1、使用c3p0
这个主要是因为c3p0实现了序列化,这样就可以直接传输到Worker上
ComboPooledDataSource
这个类主要是用来做生成数据库连接实例的,让它传到Worker上就可以直接使用了
2、业务代码
获取datasource
def getC3p0DateSource(filename:String,config:String): ComboPooledDataSource ={
val dataSource : ComboPooledDataSource = new ComboPooledDataSource(true)
val conf = FileUtils.readJsonFile2Prop(filename,config)
dataSource.setJdbcUrl(conf.getProperty("url"))
dataSource.setDriverClass(conf.getProperty("driverClassName"))
dataSource.setUser(conf.getProperty("username"))
dataSource.setPassword(conf.getProperty("password"))
dataSource.setMaxPoolSize(Integer.valueOf(conf.getProperty("maxPoolSize")))
dataSource.setMinPoolSize(Integer.valueOf(conf.getProperty("minPoolSize")))
dataSource.setAcquireIncrement(Integer.valueOf(conf.getProperty("acquireIncrement")))
dataSource.setInitialPoolSize(Integer.valueOf(conf.getProperty("initialPoolSize")))

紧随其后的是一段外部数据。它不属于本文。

lemma nn_integral_mix:
  assumes I: "finite I" and Q: "\<And>i. i \<in> I \<Longrightarrow> sets (Q i) = sets borel"
    and f: "f \<in> borel_measurable borel"
  shows "(\<integral>\<^sup>+x. f x \<partial>mix I p Q) = (\<Sum>i\<in>I. ennreal (p i) * (\<integral>\<^sup>+x. f x \<partial>Q i))"
  using f[folded measurable_cong_sets[OF sets_mix refl, of I p Q]]
proof (induction rule: borel_measurable_induct)
  case (cong f g)
  then have "\<And>i. i \<in> I \<Longrightarrow> (\<integral>\<^sup>+x. f x \<partial>Q i) = (\<integral>\<^sup>+x. g x \<partial>Q i)"
    by (intro nn_integral_cong) auto
  with cong show ?case by (simp cong: nn_integral_cong)
next
  case (set A)
  with I Q show ?case by (simp add: emeasure_mix)
next
  case (mult u c)
  with Q have "u \<in> borel_measurable (Q i)" if "i \<in> I" for i
    using that by (simp cong: measurable_cong_sets)
  with mult show ?case
    by (simp add: nn_integral_cmult sum_distrib_left mult.left_commute cong: sum.cong)
next
  case (add u v)
  with Q have "u \<in> borel_measurable (Q i)" "v \<in> borel_measurable (Q i)" if "i \<in> I" for i
    using that by (simp_all cong: measurable_cong_sets)
  with add show ?case
    by (simp add: nn_integral_add distrib_left sum.distrib cong: sum.cong)
next
  case (seq U)
  with Q have U: "U n \<in> borel_measurable (Q i)" if "i \<in> I" for i n
    using that by (simp cong: measurable_cong_sets)
  have SUP_U: "(\<integral>\<^sup>+x. (SUP n. U n) x \<partial>M) = (SUP n. \<integral>\<^sup>+x. U n x \<partial>M)"
    if "\<And>n. U n \<in> borel_measurable M" for M :: "'b measure"
    using that \<open>incseq U\<close> by (simp add: image_comp nn_integral_monotone_convergence_SUP)
  have "(\<integral>\<^sup>+x. (SUP n. U n) x \<partial>mix I p Q) = (SUP n. \<Sum>i\<in>I. ennreal (p i) * (\<integral>\<^sup>+x. U n x \<partial>Q i))"
    using seq by (subst SUP_U) auto
  also have "\<dots> = (\<Sum>i\<in>I. SUP n. ennreal (p i) * (\<integral>\<^sup>+x. U n x \<partial>Q i))"
    using \<open>incseq U\<close>
    by (intro ennreal_SUP_sum) (auto simp: incseq_def le_fun_def intro!: mult_left_mono nn_integral_mono)
  also have "\<dots> = (\<Sum>i\<in>I. ennreal (p i) * (\<integral>\<^sup>+x. (SUP n. U n) x \<partial>Q i))"
    using U by (intro sum.cong refl, subst SUP_U) (auto simp: SUP_mult_left_ennreal)
  finally show ?case .
qed

lemma prob_space_mix:
  assumes I: "finite I" and Q: "\<And>i. i \<in> I \<Longrightarrow> prob_space (Q i) \<and> sets (Q i) = sets borel"
    and p: "\<And>i. i \<in> I \<Longrightarrow> 0 \<le> p i" "sum p I = 1"
  shows "prob_space (mix I p Q)"
proof (rule prob_spaceI)
  have "\<And>i. i \<in> I \<Longrightarrow> emeasure (Q i) UNIV = 1"
    using Q by (metis prob_space.emeasure_space_1 sets_eq_imp_space_eq space_borel)
  with I Q p show "emeasure (mix I p Q) (space (mix I p Q)) = 1"
    by (simp add: emeasure_mix)
qed

lemma distr_mix:
  assumes I: "finite I" and Q: "\<And>i. i \<in> I \<Longrightarrow> sets (Q i) = sets borel"
    and f: "f \<in> borel_measurable borel"
  shows "distr (mix I p Q) borel f = mix I p (\<lambda>i. distr (Q i) borel f)"
proof (rule measure_eqI)
  fix A assume "A \<in> sets (distr (mix I p Q) borel f)"
  then have A: "A \<in> sets borel" by simp
  have fQ: "f \<in> borel_measurable (Q i)" "space (Q i) = UNIV" if "i \<in> I" for i
    using f Q[OF that] sets_eq_imp_space_eq[OF Q[OF that]] by (simp_all cong: measurable_cong_sets)
  have "emeasure (distr (mix I p Q) borel f) A = (\<Sum>i\<in>I. ennreal (p i) * emeasure (Q i) (f -` A))"
    using f A I Q by (simp add: emeasure_distr emeasure_mix measurable_sets_borel)
  also have "\<dots> = emeasure (mix I p (\<lambda>i. distr (Q i) borel f)) A"
    using fQ A I by (simp add: emeasure_distr emeasure_mix cong: sum.cong)
  finally show "emeasure (distr (mix I p Q) borel f) A = emeasure (mix I p (\<lambda>i. distr (Q i) borel f)) A" .
qed simp

lemma mix_reindex:
  assumes K: "finite K" and I: "finite I" "f ` K \<subseteq> I"
    and M: "\<And>i. i \<in> I \<Longrightarrow> sets (M i) = sets borel"
    and p: "\<And>k. k \<in> K \<Longrightarrow> 0 \<le> p k"
    and q: "\<And>i. i \<in> I \<Longrightarrow> (\<Sum>k\<in>{k\<in>K. f k = i}. p k) = q i"
  shows "mix K p (\<lambda>k. M (f k)) = mix I q M"
proof (rule measure_eqI)
  fix A assume "A \<in> sets (mix K p (\<lambda>k. M (f k)))"
  then have A: "A \<in> sets borel" by simp
  have "emeasure (mix K p (\<lambda>k. M (f k))) A = (\<Sum>k\<in>K. ennreal (p k) * emeasure (M (f k)) A)"
    using K I M A by (intro emeasure_mix) auto
  also have "\<dots> = (\<Sum>i\<in>I. \<Sum>k\<in>{k\<in>K. f k = i}. ennreal (p k) * emeasure (M i) A)"
    using K I by (subst sum.group[symmetric, of K I f]) (auto intro!: sum.cong)
  also have "\<dots> = (\<Sum>i\<in>I. ennreal (q i) * emeasure (M i) A)"
  proof (intro sum.cong refl)
    fix i assume "i \<in> I"
    with p q have "(\<Sum>k\<in>{k\<in>K. f k = i}. ennreal (p k)) = ennreal (q i)"
      by (subst sum_ennreal) auto
    then show "(\<Sum>k\<in>{k\<in>K. f k = i}. ennreal (p k) * emeasure (M i) A) = ennreal (q i) * emeasure (M i) A"
      by (simp add: sum_distrib_right[symmetric])
  qed
  also have "\<dots> = emeasure (mix I q M) A"
    using I M A by (intro emeasure_mix[symmetric]) auto
  finally show "emeasure (mix K p (\<lambda>k. M (f k))) A = emeasure (mix I q M) A" .
qed simp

dataSource.setMaxIdleTime(Integer.valueOf(conf.getProperty("maxIdleTime")))
dataSource
}
注意这里的InitialPoolSize不能太大
.foreachPartition(it=>{
val conn = comboPooledDataSource.getConnection
val statement = conn.prepareStatement("insert into tb_eventclass_min values (?,?,?,?,?,?,?,?,?,?,?,?,?,?,?,?,?)")
conn.setAutoCommit(false)
it.foreach(x=>{
statement.setString(1,UUID.randomUUID().toString)
statement.setLong(2,x._1._1.toString.toLong)
statement.setLong(3,x._1._2.toString.toLong)
statement.setString(4,x._1._3.toString)
statement.setString(5,x._1._4.toString)
statement.setString(6,x._1._5.toString)
statement.setString(7,x._1._6.toString)
statement.setString(8,x._1._7.toString)
statement.setString(9,x._1._8.toString)
statement.setLong(10,x._2)
statement.setShort(11,x._1._10.toString.toShort)
statement.setLong(12,x._1._9/60000L)
val calendar = Calendar.getInstance()
calendar.setTime(new Date(x._1._9))
val year = calendar.get(Calendar.YEAR)
val month = calendar.get(Calendar.MONTH)+1
val day = calendar.get(Calendar.DAY_OF_MONTH)
val hour = calendar.get(Calendar.HOUR_OF_DAY)
val min = calendar.get(Calendar.MINUTE)
statement.setInt(13,year)
statement.setInt(14,month)
statement.setInt(15,day)
statement.setInt(16,hour)
statement.setInt(17,min)
statement.addBatch()
})
try {
statement.executeBatch()conn.commit()
}catch {
case e:Exception=>e.printStackTrace()
}finally {
statement.close()
conn.close()
}})
在这里有四个注意点:
1、使用foreachPartition算子,减少数据库连接
这样dataSource.getConnection生成的连接和partition数量是一直的(不会很多)
2、使用批量插入,提高效率
这里要注意要开启批量插入
在数据库连接的URl后面加上 rewriteBatchedStatements=true (启动批处理操作)
String dbUrl = "jdbc:mysql://localhost:3306/User? rewriteBatchedStatements=true";
3、关闭自动提交,防止死锁
conn.setAutoCommit(false)
4、在执行结束时要将statement和connect关闭
statement会一直增加消耗内存 connect归还到资源池中